-- Provided data follows --

lemma projected_weighted_gradient_step:
  fixes X :: "'a::euclidean_space set"
  assumes X: "convex X" "closed X" "X \<noteq> {}" and "finite H"
    and convex: "\<And>h. h \<in> H \<Longrightarrow> convex_on UNIV (f h)"
    and deriv: "\<And>h u. h \<in> H \<Longrightarrow> (f h has_derivative (\<lambda>v. g h u \<bullet> v)) (at u)"
    and bound: "\<And>h u. h \<in> H \<Longrightarrow> u \<in> X \<Longrightarrow> norm (g h u) \<le> L h"
    and w: "\<And>h. h \<in> H \<Longrightarrow> w h \<ge> 0" and a: "a \<ge> 0"
    and "y \<in> X" "c \<in> X" "z \<in> X" and zc: "norm (z - c) \<le> r"
  defines "b \<equiv> \<Sum>h\<in>H. w h * L h"
  shows "norm (proj X (z - a *\<^sub>R (\<Sum>h\<in>H. w h *\<^sub>R g h z)) - c) \<le> r + a * b"
    and "(norm (proj X (z - a *\<^sub>R (\<Sum>h\<in>H. w h *\<^sub>R g h z)) - y))\<^sup>2
      \<le> (norm (z - y))\<^sup>2 - 2 * a * (\<Sum>h\<in>H. w h * (f h c - f h y)) + a\<^sup>2 * b\<^sup>2 + 2 * a * b * r"
proof -
  define d where "d = (\<Sum>h\<in>H. w h *\<^sub>R g h z)"
  have "norm d \<le> (\<Sum>h\<in>H. norm (w h *\<^sub>R g h z))"
    unfolding d_def by (rule norm_sum)
  also have "\<dots> \<le> b"
    unfolding b_def using w bound \<open>z \<in> X\<close> by (auto intro!: sum_mono mult_left_mono)
  finally have d: "norm d \<le> b" .
  have "norm (proj X (z - a *\<^sub>R d) - c) \<le> norm (proj X (z - a *\<^sub>R d) - z) + norm (z - c)"
    using norm_triangle_ineq[of "proj X (z - a *\<^sub>R d) - z" "z - c"] by simp
  also have "\<dots> \<le> a * b + r"
    using proj_step_dist_le[OF X \<open>z \<in> X\<close>, of a d] mult_left_mono[OF d a] zc a by simp
  finally show "norm (proj X (z - a *\<^sub>R (\<Sum>h\<in>H. w h *\<^sub>R g h z)) - c) \<le> r + a * b"
    by (simp add: d_def)
  have "(\<Sum>h\<in>H. w h * (f h c - f h y)) - b * r \<le> (\<Sum>h\<in>H. w h * (g h z \<bullet> (z - y)))"
  proof -
    have "w h * (f h c - f h y) - w h * L h * r \<le> w h * (g h z \<bullet> (z - y))" if h: "h \<in> H" for h
    proof -
      have "f h c - f h y - L h * norm (z - c) \<le> g h z \<bullet> (z - y)"
        using gradient_inner_ge_gap[OF convex[OF h] deriv[OF h] bound[OF h \<open>c \<in> X\<close>]] .
      moreover have "L h * norm (z - c) \<le> L h * r"
        using bound[OF h \<open>c \<in> X\<close>] zc by (meson mult_left_mono norm_ge_zero order_trans)
      ultimately have "f h c - f h y - L h * r \<le> g h z \<bullet> (z - y)"
        by linarith
      from mult_left_mono[OF this w[OF h]] show ?thesis
        by (simp add: algebra_simps)
    qed
    then show ?thesis
      unfolding b_def by (simp add: sum_distrib_right sum_subtractf[symmetric] sum_mono)
  qed
  then have gap: "(\<Sum>h\<in>H. w h * (f h c - f h y)) - b * r \<le> d \<bullet> (z - y)"
    by (simp add: d_def inner_sum_left)
  have "(norm (proj X (z - a *\<^sub>R d) - y))\<^sup>2 \<le> (norm (z - y))\<^sup>2 - 2 * a * (d \<bullet> (z - y)) + a\<^sup>2 * (norm d)\<^sup>2"
    by (rule proj_step_sq_dist_le[OF X \<open>y \<in> X\<close>])
  moreover have "a\<^sup>2 * (norm d)\<^sup>2 \<le> a\<^sup>2 * b\<^sup>2"
    using d by (simp add: mult_left_mono power_mono)
  moreover have "2 * a * ((\<Sum>h\<in>H. w h * (f h c - f h y)) - b * r) \<le> 2 * a * (d \<bullet> (z - y))"
    using gap a by (simp add: mult_left_mono)
  ultimately show "(norm (proj X (z - a *\<^sub>R (\<Sum>h\<in>H. w h *\<^sub>R g h z)) - y))\<^sup>2
      \<le> (norm (z - y))\<^sup>2 - 2 * a * (\<Sum>h\<in>H. w h * (f h c - f h y)) + a\<^sup>2 * b\<^sup>2 + 2 * a * b * r"
    unfolding d_def by (simp add: algebra_simps)
qed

-- Provided data concluded --

# [What to produce]
In the listing above, find the line with "r \<le> w h" and the line with "by (simp add: d_def inner_sum_left)", then reproduce both and every line between them exactly.

# [Exercise result]
    have "w h * (f h c - f h y) - w h * L h * r \<le> w h * (g h z \<bullet> (z - y))" if h: "h \<in> H" for h
    proof -
      have "f h c - f h y - L h * norm (z - c) \<le> g h z \<bullet> (z - y)"
        using gradient_inner_ge_gap[OF convex[OF h] deriv[OF h] bound[OF h \<open>c \<in> X\<close>]] .
      moreover have "L h * norm (z - c) \<le> L h * r"
        using bound[OF h \<open>c \<in> X\<close>] zc by (meson mult_left_mono norm_ge_zero order_trans)
      ultimately have "f h c - f h y - L h * r \<le> g h z \<bullet> (z - y)"
        by linarith
      from mult_left_mono[OF this w[OF h]] show ?thesis
        by (simp add: algebra_simps)
    qed
    then show ?thesis
      unfolding b_def by (simp add: sum_distrib_right sum_subtractf[symmetric] sum_mono)
  qed
  then have gap: "(\<Sum>h\<in>H. w h * (f h c - f h y)) - b * r \<le> d \<bullet> (z - y)"
    by (simp add: d_def inner_sum_left)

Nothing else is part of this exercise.